= ACTIVITY =
Go through the entries below from the first line and output each one exactly, up to and including the line with "using assms by (simp add: action_scaling)".

= EXTRACTED ENTRIES =
lemma action_scaling_le:
  fixes \<psi> :: "real^'n::finite \<Rightarrow> complex"
  assumes "\<psi> \<in> borel_measurable borel" "l > 0"
    and "p > 1" "0 \<le> \<alpha>" "2*\<alpha> \<le> real CARD('n)" "0 \<le> \<gamma>" "0 < a" "0 \<le> b"
  defines "e \<equiv> (p+1)*a + (real CARD('n) + \<gamma>)*b"
  shows "action \<alpha> \<gamma> p (scaling a b l \<psi>) \<le> action \<alpha> \<gamma> p \<psi> + (l powr e - 1) / e * Kfun \<alpha> \<gamma> p a b \<psi>"
proof -
  note bounds = scaling_exponent_bounds[OF assms(3-8)]
  have "action \<alpha> \<gamma> p (scaling a b l \<psi>) =
    1/2 * (l powr (2*a + real CARD('n) * b) * mass \<psi> + l powr (2*a + (real CARD('n) - 2*\<alpha>) * b) * frac_grad_sq \<alpha> \<psi>)
    - l powr e * (potential \<gamma> p \<psi> / (p + 1))"
    using assms by (simp add: action_scaling)
  also have "\<dots> \<le> 1/2 * (mass \<psi> + frac_grad_sq \<alpha> \<psi>) - potential \<gamma> p \<psi> / (p + 1)
      + (l powr e - 1) / e * (1/2 * ((2*a + real CARD('n) * b) * mass \<psi>
        + (2*a + (real CARD('n) - 2*\<alpha>) * b) * frac_grad_sq \<alpha> \<psi>) - e * (potential \<gamma> p \<psi> / (p + 1)))"
    using bounds assms(2) unfolding e_def
    by (intro powr_sum_concave_bound mass_nonneg frac_grad_sq_nonneg) auto
  also have "\<dots> = action \<alpha> \<gamma> p \<psi> + (l powr e - 1) / e * Kfun \<alpha> \<gamma> p a b \<psi>"
    using assms by (simp add: action_eq Kfun_eq e_def)
  finally show ?thesis .
qed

= RESULT OF THIS TASK =
lemma action_scaling_le:
  fixes \<psi> :: "real^'n::finite \<Rightarrow> complex"
  assumes "\<psi> \<in> borel_measurable borel" "l > 0"
    and "p > 1" "0 \<le> \<alpha>" "2*\<alpha> \<le> real CARD('n)" "0 \<le> \<gamma>" "0 < a" "0 \<le> b"
  defines "e \<equiv> (p+1)*a + (real CARD('n) + \<gamma>)*b"
  shows "action \<alpha> \<gamma> p (scaling a b l \<psi>) \<le> action \<alpha> \<gamma> p \<psi> + (l powr e - 1) / e * Kfun \<alpha> \<gamma> p a b \<psi>"
proof -
  note bounds = scaling_exponent_bounds[OF assms(3-8)]
  have "action \<alpha> \<gamma> p (scaling a b l \<psi>) =
    1/2 * (l powr (2*a + real CARD('n) * b) * mass \<psi> + l powr (2*a + (real CARD('n) - 2*\<alpha>) * b) * frac_grad_sq \<alpha> \<psi>)
    - l powr e * (potential \<gamma> p \<psi> / (p + 1))"
    using assms by (simp add: action_scaling)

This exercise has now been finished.